*** Opening of EXTRACTED DATA ***

lemma exists_complement_coefficient:
  fixes S :: "'a::{field,finite} set"
  assumes K: "is_subfield K" and S0: "0 \<in> S"
    and Sadd: "\<And>a b. a \<in> S \<Longrightarrow> b \<in> S \<Longrightarrow> a + b \<in> S"
    and Smult: "\<And>c a. c \<in> K \<Longrightarrow> a \<in> S \<Longrightarrow> c * a \<in> S"
    and card: "card S * card K = CARD('a)"
  shows "\<exists>y. \<forall>x. \<exists>!c. c \<in> K \<and> x - c * y \<in> S"
proof -
  have "card S > 0"
    using S0 by (auto simp: card_gt_0_iff)
  then have "card S * 1 < card S * card K"
    using card_subfield_ge_2[OF K] by (intro mult_strict_left_mono) simp_all
  then have "S \<noteq> UNIV"
    using card by auto
  then obtain y where y: "y \<notin> S"
    by blast
  note unique = complement_coefficient_unique[OF K y Sadd Smult]
  let ?g = "\<lambda>(a, c). a + c * y"
  have "inj_on ?g (S \<times> K)"
  proof (rule inj_onI, clarify)
    fix a c a' c' assume "a \<in> S" "c \<in> K" "a' \<in> S" "c' \<in> K" and eq: "a + c * y = a' + c' * y"
    have "a + c * y - c * y \<in> S" "a + c * y - c' * y \<in> S"
      using \<open>a \<in> S\<close> \<open>a' \<in> S\<close> by (simp, simp add: eq)
    then have "c = c'"
      using unique \<open>c \<in> K\<close> \<open>c' \<in> K\<close> by blast
    then show "a = a' \<and> c = c'"
      using eq by simp
  qed
  then have "card (?g ` (S \<times> K)) = CARD('a)"
    using card by (simp add: card_image card_cartesian_product)
  then have "?g ` (S \<times> K) = UNIV"
    by (simp add: card_subset_eq)
  then have "\<exists>c. c \<in> K \<and> x - c * y \<in> S" for x
    by (auto elim!: equalityE dest!: subsetD[of UNIV _ x])
  then show ?thesis
    using unique by blast
qed

lemma hyperplane_eq_kernel:
  fixes S :: "'a::{field,finite} set"
  assumes K: "is_subfield K" and "0 \<in> S"
    and Sadd: "\<And>a b. a \<in> S \<Longrightarrow> b \<in> S \<Longrightarrow> a + b \<in> S"
    and Smult: "\<And>c a. c \<in> K \<Longrightarrow> a \<in> S \<Longrightarrow> c * a \<in> S"
    and "card S * card K = CARD('a)"
  obtains \<phi> where "linear_functional K \<phi>" "S = {z. \<phi> z = 0}"
proof -
  obtain y where y: "\<And>x. \<exists>!c. c \<in> K \<and> x - c * y \<in> S"
    using exists_complement_coefficient[OF assms] by blast
  define \<phi> where "\<phi> x = (THE c. c \<in> K \<and> x - c * y \<in> S)" for x
  have \<phi>: "\<phi> x \<in> K" "x - \<phi> x * y \<in> S" for x
    using theI'[OF y[of x]] unfolding \<phi>_def by blast+
  have \<phi>_eq: "\<phi> x = c" if "c \<in> K" "x - c * y \<in> S" for x c
    unfolding \<phi>_def using y that by blast
  have "\<phi> (x + x') = \<phi> x + \<phi> x'" for x x'
  proof (rule \<phi>_eq)
    show "\<phi> x + \<phi> x' \<in> K"
      using \<phi> subfield_add[OF K] by blast
    have "x + x' - (\<phi> x + \<phi> x') * y = (x - \<phi> x * y) + (x' - \<phi> x' * y)"
      by (simp add: algebra_simps)
    also have "\<dots> \<in> S"
      by (rule Sadd[OF \<phi>(2) \<phi>(2)])
    finally show "x + x' - (\<phi> x + \<phi> x') * y \<in> S" .
  qed
  moreover have "\<phi> (c * x) = c * \<phi> x" if "c \<in> K" for c x
  proof (rule \<phi>_eq)
    show "c * \<phi> x \<in> K"
      using \<phi> subfield_mult[OF K that] by blast
    have "c * x - c * \<phi> x * y = c * (x - \<phi> x * y)"
      by (simp add: algebra_simps)
    also have "\<dots> \<in> S"
      by (rule Smult[OF that \<phi>(2)])
    finally show "c * x - c * \<phi> x * y \<in> S" .
  qed
  moreover have "\<phi> z = 0 \<longleftrightarrow> z \<in> S" for z
    using \<phi>[of z] \<phi>_eq[of 0 z] subfield_0[OF K] by auto
  ultimately show ?thesis
    using that[of \<phi>] \<phi>(1) unfolding linear_functional_def by blast
qed

section \<open>The trace of a finite field extension\<close>

locale fq_extension =
  fixes q s :: nat and field_type :: "'a::{field,finite} itself"
  assumes q_CHAR_power: "\<exists>k>0. q = CHAR('a) ^ k"
    and s_pos: "s > 0"
    and card_field: "CARD('a) = q ^ s"
begin

abbreviation K :: "'a set" where "K \<equiv> subfield_q q"

abbreviation Tr :: "'a \<Rightarrow> 'a" where "Tr \<equiv> trace q s"

lemma q_ge_2: "q \<ge> 2"
proof -
  obtain k where "k > 0" "q = CHAR('a) ^ k"
    using q_CHAR_power by blast
  moreover have "CHAR('a) \<ge> 2"
    using prime_CHAR_finite[where 'a='a] by (simp add: prime_ge_2_nat)
  ultimately show ?thesis
    using self_le_power[of "CHAR('a)" k] by simp
qed

lemma q_power_eq_CHAR_power:
  obtains n where "q ^ i = CHAR('a) ^ n"
  using q_CHAR_power by (metis power_mult)

lemma frobenius_add: "(x + y) ^ (q ^ i) = x ^ (q ^ i) + (y ^ (q ^ i) :: 'a)"
  by (rule q_power_eq_CHAR_power[of i]) (rule freshmans_dream'[OF prime_CHAR_finite])

lemma frobenius_sum: "sum f A ^ (q ^ i) = (\<Sum>j\<in>A. f j ^ (q ^ i) :: 'a)"
  by (rule q_power_eq_CHAR_power[of i]) (rule freshmans_dream_sum'[OF prime_CHAR_finite])

lemma is_subfield_K: "is_subfield K"
proof -
  have add: "(x + y) ^ q = x ^ q + y ^ q" for x y :: 'a
    using frobenius_add[of x y 1] by simp
  have "q > 0"
    using q_ge_2 by simp
  then have "(- x) ^ q = - (x ^ q)" for x :: 'a
    using add[of x "- x"] by (simp add: add_eq_0_iff power_0_left)
  then show ?thesis
    unfolding is_subfield_def subfield_q_def
    using \<open>q > 0\<close> by (simp add: add power_mult_distrib power_inverse power_0_left)
qed

lemma subfield_q_power: "c \<in> K \<Longrightarrow> c ^ (q ^ i) = c"
  by (induction i) (simp_all add: subfield_q_def power_mult flip: power_Suc2)

lemma power_q_s: "x ^ (q ^ s) = (x :: 'a)"
  using power_card_eq_self[of x] card_field by simp

lemma trace_add: "Tr (x + y) = Tr x + Tr y"
  unfolding trace_def by (simp add: frobenius_add sum.distrib)

lemma trace_diff: "Tr (x - y) = Tr x - Tr y"
  using trace_add[of "x - y" y] by (simp add: algebra_simps)

lemma trace_scale: "c \<in> K \<Longrightarrow> Tr (c * x) = c * Tr x"
  unfolding trace_def by (simp add: power_mult_distrib subfield_q_power sum_distrib_left)

text \<open>Frobenius permutes the summands of the trace cyclically, since x ^ (q ^ s) = x.\<close>

lemma trace_mem: "Tr x \<in> K"
proof -
  have "Tr x ^ q = (\<Sum>i<s. x ^ (q ^ Suc i))"
    unfolding trace_def using frobenius_sum[of "\<lambda>i. x ^ (q ^ i)" "{..<s}" 1]
    by (simp add: power_mult[symmetric] mult.commute)
  also have "\<dots> = Tr x"
    using sum.lessThan_Suc_shift[of "\<lambda>i. x ^ (q ^ i)" s] power_q_s
    unfolding trace_def by (simp add: add.commute)
  finally show ?thesis
    by (simp add: subfield_q_def)
qed

lemma card_trace_kernel_le: "card {x. Tr x = 0} \<le> q ^ (s - 1)"
proof -
  define P :: "'a poly" where "P = (\<Sum>i<s. monom 1 (q ^ i))"
  have "poly P x = Tr x" for x
    unfolding P_def trace_def by (simp add: poly_sum poly_monom)
  moreover have "coeff P (q ^ (s - 1)) = 1"
    unfolding P_def coeff_sum using s_pos q_ge_2 by (simp add: power_inject_exp sum.delta)
  then have "P \<noteq> 0"
    by auto
  moreover have "degree P \<le> q ^ (s - 1)"
    unfolding P_def
  proof (rule degree_sum_le)
    fix i assume "i \<in> {..<s}"
    then have "q ^ i \<le> q ^ (s - 1)"
      using q_ge_2 by (intro power_increasing) auto
    then show "degree (monom (1::'a) (q ^ i)) \<le> q ^ (s - 1)"
      by (simp add: degree_monom_eq)
  qed simp
  ultimately show ?thesis
    using card_poly_roots_bound[of P] by simp
qed

lemma card_K_le: "card K \<le> q"
proof -
  define P :: "'a poly" where "P = monom 1 q - monom 1 1"
  have "poly P x = x ^ q - x" for x
    unfolding P_def by (simp add: poly_monom)
  then have "K = {x. poly P x = 0}"
    by (auto simp: subfield_q_def)
  moreover have "coeff P q = 1"
    unfolding P_def using q_ge_2 by simp
  then have "card {x. poly P x = 0} \<le> degree P"
    by (intro card_poly_roots_bound) auto
  moreover have "degree P \<le> q"
    unfolding P_def using q_ge_2 by (intro degree_diff_le) (simp_all add: degree_monom_eq)
  ultimately show ?thesis
    by simp
qed

lemma exists_trace_1: "\<exists>x. Tr x = 1"
proof -
  have "q ^ (s - 1) < q ^ s"
    using q_ge_2 s_pos by (intro power_strict_increasing) auto
  then have "card {x. Tr x = 0} < CARD('a)"
    using card_trace_kernel_le card_field by simp
  then have "{x. Tr x = 0} \<noteq> UNIV"
    by auto
  then obtain x where "Tr x \<noteq> 0"
    by auto
  then have "Tr (inverse (Tr x) * x) = 1"
    using trace_scale[OF subfield_inverse[OF is_subfield_K trace_mem]] by simp
  then show ?thesis ..
qed

text \<open>With Tr x0 = 1, the map (t, c) \<mapsto> t + c x0 is a bijection from ker Tr \<times> K onto the
  field, and ker Tr has at most q ^ (s - 1) elements.\<close>

lemma card_K: "card K = q"
proof -
  obtain x0 where x0: "Tr x0 = 1"
    using exists_trace_1 by blast
  let ?T = "{x. Tr x = 0}"
  let ?g = "\<lambda>(t, c). t + c * x0"
  have "inj_on ?g (?T \<times> K)"
  proof (rule inj_onI, clarify)
    fix t c t' c' assume "Tr t = 0" "c \<in> K" "Tr t' = 0" "c' \<in> K" and eq: "t + c * x0 = t' + c' * x0"
    have "Tr (t + c * x0) = Tr (t' + c' * x0)"
      using eq by simp
    then have "c = c'"
      using \<open>Tr t = 0\<close> \<open>Tr t' = 0\<close> \<open>c \<in> K\<close> \<open>c' \<in> K\<close> by (simp add: trace_add trace_scale x0)
    then show "t = t' \<and> c = c'"
      using eq by simp
  qed
  moreover have "?g ` (?T \<times> K) = UNIV"
  proof -
    have "x = ?g (x - Tr x * x0, Tr x)" "x - Tr x * x0 \<in> ?T" for x
      by (simp_all add: trace_diff trace_scale[OF trace_mem] x0)
    then show ?thesis
      using trace_mem by blast
  qed
  ultimately have "card (?T \<times> K) = CARD('a)"
    using card_image by fastforce
  then have "card ?T * card K = q ^ s"
    using card_field by (simp add: card_cartesian_product)
  also have "\<dots> = q ^ (s - 1) * q"
    using s_pos by (simp add: power_eq_if)
  finally have "q ^ (s - 1) * q \<le> q ^ (s - 1) * card K"
    using mult_le_mono1[OF card_trace_kernel_le, of "card K"] by simp
  then show ?thesis
    using card_K_le q_ge_2 by simp
qed

lemma linear_functional_trace_form: "linear_functional K (\<lambda>x. Tr (l * x))"
  unfolding linear_functional_def
  by (simp add: distrib_left trace_add trace_mem trace_scale mult.left_commute[of l])

text \<open>Distinct l give distinct trace forms (Tr is onto), and there are no more K-linear
  functionals than field elements.\<close>

lemma linear_functional_imp_trace_form:
  assumes "linear_functional K \<phi>"
  obtains l where "\<phi> = (\<lambda>x. Tr (l * x))"
proof -
  obtain x0 where x0: "Tr x0 = 1"
    using exists_trace_1 by blast
  define form where "form l = (\<lambda>x. Tr (l * x))" for l
  have "inj form"
  proof (rule injI, rule ccontr)
    fix l l' assume "form l = form l'" "l \<noteq> l'"
    then have "Tr (l * (inverse (l - l') * x0)) = Tr (l' * (inverse (l - l') * x0))"
      using fun_cong[of "form l" "form l'" "inverse (l - l') * x0"] unfolding form_def by simp
    then have "Tr ((l - l') * inverse (l - l') * x0) = 0"
      by (simp add: left_diff_distrib trace_diff mult.assoc)
    then show False
      using \<open>l \<noteq> l'\<close> x0 by simp
  qed
  then have "card (range form) = CARD('a)"
    by (simp add: card_image)
  moreover have "range form \<subseteq> {\<phi>. linear_functional K \<phi>}"
    unfolding form_def using linear_functional_trace_form by blast
  ultimately have "range form = {\<phi>. linear_functional K \<phi>}"
    using card_linear_functionals_le[OF is_subfield_K] by (intro card_seteq) simp_all
  then show ?thesis
    using assms that unfolding form_def by blast
qed

lemma hyperplane_eq_trace_kernel:
  assumes S0: "0 \<in> S" and Sadd: "\<And>a b. a \<in> S \<Longrightarrow> b \<in> S \<Longrightarrow> a + b \<in> S"
    and Smult: "\<And>c a. c \<in> K \<Longrightarrow> a \<in> S \<Longrightarrow> c * a \<in> S"
    and card: "card S = q ^ (s - 1)"
  obtains l where "l \<noteq> 0" "S = {z. Tr (l * z) = 0}"
proof -
  have "card S * card K = CARD('a)"
    using card card_K card_field s_pos by (simp add: power_eq_if)
  then obtain \<phi> where "linear_functional K \<phi>" "S = {z. \<phi> z = 0}"
    using hyperplane_eq_kernel[OF is_subfield_K S0 Sadd Smult] by blast
  moreover obtain l where "\<phi> = (\<lambda>x. Tr (l * x))"
    using linear_functional_imp_trace_form[OF \<open>linear_functional K \<phi>\<close>] by blast
  ultimately have l: "S = {z. Tr (l * z) = 0}"
    by simp
  have "q ^ (s - 1) < CARD('a)"
    using q_ge_2 s_pos card_field by (simp add: power_strict_increasing)
  then have "S \<noteq> UNIV"
    using card by auto
  then have "l \<noteq> 0"
    using l trace_scale[of 0 0] subfield_0[OF is_subfield_K] by auto
  then show ?thesis
    using that l by blast
qed

lemma trace_normalize_U_trace:
  assumes l: "l \<noteq> 0" and x0: "Tr x0 = 1"
  shows "trace_normalize l x0 ` U_trace q s = {a. Tr (l * a) = 0} \<times> K \<times> K"
proof
  show "trace_normalize l x0 ` U_trace q s \<subseteq> {a. Tr (l * a) = 0} \<times> K \<times> K"
  proof
    fix u assume "u \<in> trace_normalize l x0 ` U_trace q s"
    then obtain x y where "y \<in> K" "u = trace_normalize l x0 (x, Tr x, y)"
      unfolding U_trace_def by blast
    moreover have "Tr (l * (inverse l * (x - Tr x * x0))) = 0"
    proof -
      have "Tr (l * (inverse l * (x - Tr x * x0))) = Tr (x - Tr x * x0)"
        using l by (metis mult.assoc mult_1 right_inverse)
      also have "\<dots> = 0"
        using x0 by (simp add: trace_diff trace_scale[OF trace_mem])
      finally show ?thesis .
    qed
    ultimately show "u \<in> {a. Tr (l * a) = 0} \<times> K \<times> K"
      using trace_mem by (simp add: trace_normalize_def)
  qed
  show "{a. Tr (l * a) = 0} \<times> K \<times> K \<subseteq> trace_normalize l x0 ` U_trace q s"
  proof
    fix u assume "u \<in> {a. Tr (l * a) = 0} \<times> K \<times> K"
    then obtain a b c where u: "u = (a, b, c)" "Tr (l * a) = 0" "b \<in> K" "c \<in> K"
      by auto
    then have "Tr (l * a + b * x0) = b"
      using x0 by (simp add: trace_add trace_scale)
    then have "(l * a + b * x0, b, c) \<in> U_trace q s"
      unfolding U_trace_def using u(4) by (intro CollectI exI[of _ "l * a + b * x0"] exI[of _ c]) simp
    moreover have "u = trace_normalize l x0 (l * a + b * x0, b, c)"
      using l u(1) by (simp add: trace_normalize_def)
    ultimately show "u \<in> trace_normalize l x0 ` U_trace q s"
      by blast
  qed
qed
(* Let $0<\alpha<1$, $\lambda>0$, $L>0$, $T>0$, $r\ge1$, and let $M,N$ be positive integers. For any data $f$ and $\phi$, the finite difference scheme $$\delta_t U_i^{n+\frac12}+{}_0^{FC}D_t^{\alpha,\lambda}U_i^{n+\frac12}=\delta_x^2U_i^{\bar n}-\tilde\delta_xU_i^{\bar n}+f_i^{n+\frac12},\quad 1\le i\le M-1,\ 0\le n\le N-1,$$ $$U_i^0=\phi(x_i),\ 1\le i\le M-1,\qquad U_0^n=U_M^n=0,\ 0\le n\le N,$$ has a unique solution $\{U_i^n\}$.
   Context: The scheme discretizes $u_t+{}_0^C D_t^{\alpha,\lambda}u=u_{xx}-u_x+f$ on $(0,L)\times(0,T]$, $u(x,0)=\phi(x)$, $u(0,t)=u(L,t)=0$. Grids: $h=L/M$, $x_i=ih$; $t_n=T(n/N)^r$, $\tau_n=t_n-t_{n-1}$, $t_{m+\frac12}=\frac12(t_m+t_{m+1})$; $f_i^{n+\frac12}=f(x_i,t_{n+\frac12})$. Difference operators: $\delta_tU_i^{n+\frac12}=(U_i^{n+1}-U_i^n)/\tau_{n+1}$, $\tilde\delta_xU_i^n=(U_{i+1}^n-U_{i-1}^n)/(2h)$, $\delta_x^2U_i^n=(U_{i+1}^n-2U_i^n+U_{i-1}^n)/h^2$, $\tilde\delta_xU_i^{\bar n}=\frac12(\tilde\delta_xU_i^{n+1}+\tilde\delta_xU_i^n)$, $\delta_x^2U_i^{\bar n}=\frac12(\delta_x^2U_i^{n+1}+\delta_x^2U_i^n)$. Fast operator: fix $\varepsilon>0$, a positive integer $N_{exp}$ and $s_i>0,\omega_i>0$ with $|t^{-1-\alpha}-\sum_{i=1}^{N_{exp}}\omega_ie^{-s_it}|\le\varepsilon$ on $[\tau_1,T]$. For $1\le m\le N-1$: $\lambda^1_{i,m}=\int_{t_{m-1}}^{t_m}e^{-(\lambda+s_i)(t_{m+\frac12}-s)}\frac{s-t_{m-1}}{\tau_m}ds$, $\lambda^2_{i,m}=\int_{t_{m-1}}^{t_m}e^{-(\lambda+s_i)(t_{m+\frac12}-s)}\frac{t_m-s}{\tau_m}ds$; $a_{j,n}=\alpha\sum_i\omega_ie^{-(\lambda+s_i)(t_{n+\frac12}-t_{n-j+\frac12})}\lambda^1_{i,n-j}$, $b_{j,n}=\alpha\sum_i\omega_ie^{-(\lambda+s_i)(t_{n+\frac12}-t_{n-j+\frac12})}\lambda^2_{i,n-j}$. For a sequence $v^0,\dots,v^N$ (here $v^n=U_i^n$ for fixed $i$): ${}_0^{FC}D_t^{\alpha,\lambda}v^{n+\frac12}=\frac{1}{\Gamma(1-\alpha)}\Big[\frac{v^n+v^{n+1}}{2(1-\alpha)(\tau_{n+1}/2)^\alpha}-\big(a_{0,n}+\frac{\alpha e^{-\lambda\tau_{n+1}/2}}{(1-\alpha)(\tau_{n+1}/2)^\alpha}\big)v^n-\sum_{l=1}^{n-1}(a_{n-l,n}+b_{n-1-l,n})v^l-\big(b_{n-1,n}+\frac{e^{-\lambda t_{n+\frac12}}}{t_{n+\frac12}^\alpha}\big)v^0\Big]$, with $a_{0,0}=b_{-1,0}:=0$ and empty sums $0$. *)

theory Defs
  imports "HOL-Analysis.Analysis"
begin

definition tg :: "real \<Rightarrow> nat \<Rightarrow> real \<Rightarrow> nat \<Rightarrow> real" where
  "tg T N r n = T * (real n / real N) powr r"

definition tau :: "real \<Rightarrow> nat \<Rightarrow> real \<Rightarrow> nat \<Rightarrow> real" where
  "tau T N r n = tg T N r n - tg T N r (n - 1)"

definition thalf :: "real \<Rightarrow> nat \<Rightarrow> real \<Rightarrow> nat \<Rightarrow> real" where
  "thalf T N r m = (tg T N r m + tg T N r (Suc m)) / 2"

definition lam1 :: "real \<Rightarrow> nat \<Rightarrow> real \<Rightarrow> real \<Rightarrow> real \<Rightarrow> nat \<Rightarrow> real" where
  "lam1 T N r lam sv m =
     integral {tg T N r (m - 1) .. tg T N r m}
       (\<lambda>x. exp (- (lam + sv) * (thalf T N r m - x)) * ((x - tg T N r (m - 1)) / tau T N r m))"

definition lam2 :: "real \<Rightarrow> nat \<Rightarrow> real \<Rightarrow> real \<Rightarrow> real \<Rightarrow> nat \<Rightarrow> real" where
  "lam2 T N r lam sv m =
     integral {tg T N r (m - 1) .. tg T N r m}
       (\<lambda>x. exp (- (lam + sv) * (thalf T N r m - x)) * ((tg T N r m - x) / tau T N r m))"

definition acoef :: "real \<Rightarrow> real \<Rightarrow> real \<Rightarrow> nat \<Rightarrow> real \<Rightarrow> nat \<Rightarrow> (nat \<Rightarrow> real) \<Rightarrow> (nat \<Rightarrow> real)
    \<Rightarrow> nat \<Rightarrow> nat \<Rightarrow> real" where
  "acoef \<alpha> lam T N r Nexp \<omega> s j n =
     \<alpha> * (\<Sum>i = 1..Nexp. \<omega> i * exp (- (lam + s i) * (thalf T N r n - thalf T N r (n - j)))
                          * lam1 T N r lam (s i) (n - j))"

definition bcoef :: "real \<Rightarrow> real \<Rightarrow> real \<Rightarrow> nat \<Rightarrow> real \<Rightarrow> nat \<Rightarrow> (nat \<Rightarrow> real) \<Rightarrow> (nat \<Rightarrow> real)
    \<Rightarrow> nat \<Rightarrow> nat \<Rightarrow> real" where
  "bcoef \<alpha> lam T N r Nexp \<omega> s j n =
     \<alpha> * (\<Sum>i = 1..Nexp. \<omega> i * exp (- (lam + s i) * (thalf T N r n - thalf T N r (n - j)))
                          * lam2 T N r lam (s i) (n - j))"

text \<open>Fast tempered Caputo operator applied to a sequence v at level n+1/2
  (a_{0,0} = b_{-1,0} = 0, empty sums are 0).\<close>

definition fastD :: "real \<Rightarrow> real \<Rightarrow> real \<Rightarrow> nat \<Rightarrow> real \<Rightarrow> nat \<Rightarrow> (nat \<Rightarrow> real) \<Rightarrow> (nat \<Rightarrow> real)
    \<Rightarrow> (nat \<Rightarrow> real) \<Rightarrow> nat \<Rightarrow> real" where
  "fastD \<alpha> lam T N r Nexp \<omega> s v n =
     (1 / Gamma (1 - \<alpha>)) *
     ( (v n + v (n + 1)) / (2 * (1 - \<alpha>) * (tau T N r (n + 1) / 2) powr \<alpha>)
       - ((if n = 0 then 0 else acoef \<alpha> lam T N r Nexp \<omega> s 0 n)
          + \<alpha> * exp (- lam * tau T N r (n + 1) / 2) / ((1 - \<alpha>) * (tau T N r (n + 1) / 2) powr \<alpha>)) * v n
       - (\<Sum>l = 1..n - 1. (acoef \<alpha> lam T N r Nexp \<omega> s (n - l) n
                           + bcoef \<alpha> lam T N r Nexp \<omega> s (n - 1 - l) n) * v l)
       - ((if n = 0 then 0 else bcoef \<alpha> lam T N r Nexp \<omega> s (n - 1) n)
          + exp (- lam * thalf T N r n) / (thalf T N r n) powr \<alpha>) * v 0 )"

definition scheme :: "real \<Rightarrow> real \<Rightarrow> real \<Rightarrow> real \<Rightarrow> nat \<Rightarrow> nat \<Rightarrow> real \<Rightarrow> nat \<Rightarrow> (nat \<Rightarrow> real)
    \<Rightarrow> (nat \<Rightarrow> real) \<Rightarrow> (real \<Rightarrow> real \<Rightarrow> real) \<Rightarrow> (real \<Rightarrow> real) \<Rightarrow> (nat \<Rightarrow> nat \<Rightarrow> real) \<Rightarrow> bool" where
  "scheme \<alpha> lam L T M N r Nexp \<omega> s f \<phi> U \<longleftrightarrow>
     (let h = L / real M; x = (\<lambda>i::nat. real i * h);
          dxt = (\<lambda>i n. (U (i + 1) n - U (i - 1) n) / (2 * h));
          dxx = (\<lambda>i n. (U (i + 1) n - 2 * U i n + U (i - 1) n) / h\<^sup>2)
      in (\<forall>i. 1 \<le> i \<and> i \<le> M - 1 \<longrightarrow> (\<forall>n. n \<le> N - 1 \<longrightarrow>
            (U i (n + 1) - U i n) / tau T N r (n + 1)
            + fastD \<alpha> lam T N r Nexp \<omega> s (\<lambda>k. U i k) n
            = (dxx i (n + 1) + dxx i n) / 2 - (dxt i (n + 1) + dxt i n) / 2
              + f (x i) (thalf T N r n)))
       \<and> (\<forall>i. 1 \<le> i \<and> i \<le> M - 1 \<longrightarrow> U i 0 = \<phi> (x i))
       \<and> (\<forall>n. n \<le> N \<longrightarrow> U 0 n = 0 \<and> U M n = 0))"

end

*** Close of EXTRACTED DATA ***

**WHAT YOU ARE ASKED TO DO**
Check each line of the material for "assms" and report how many have it. Add no other words.

**ANSWER BOX**
2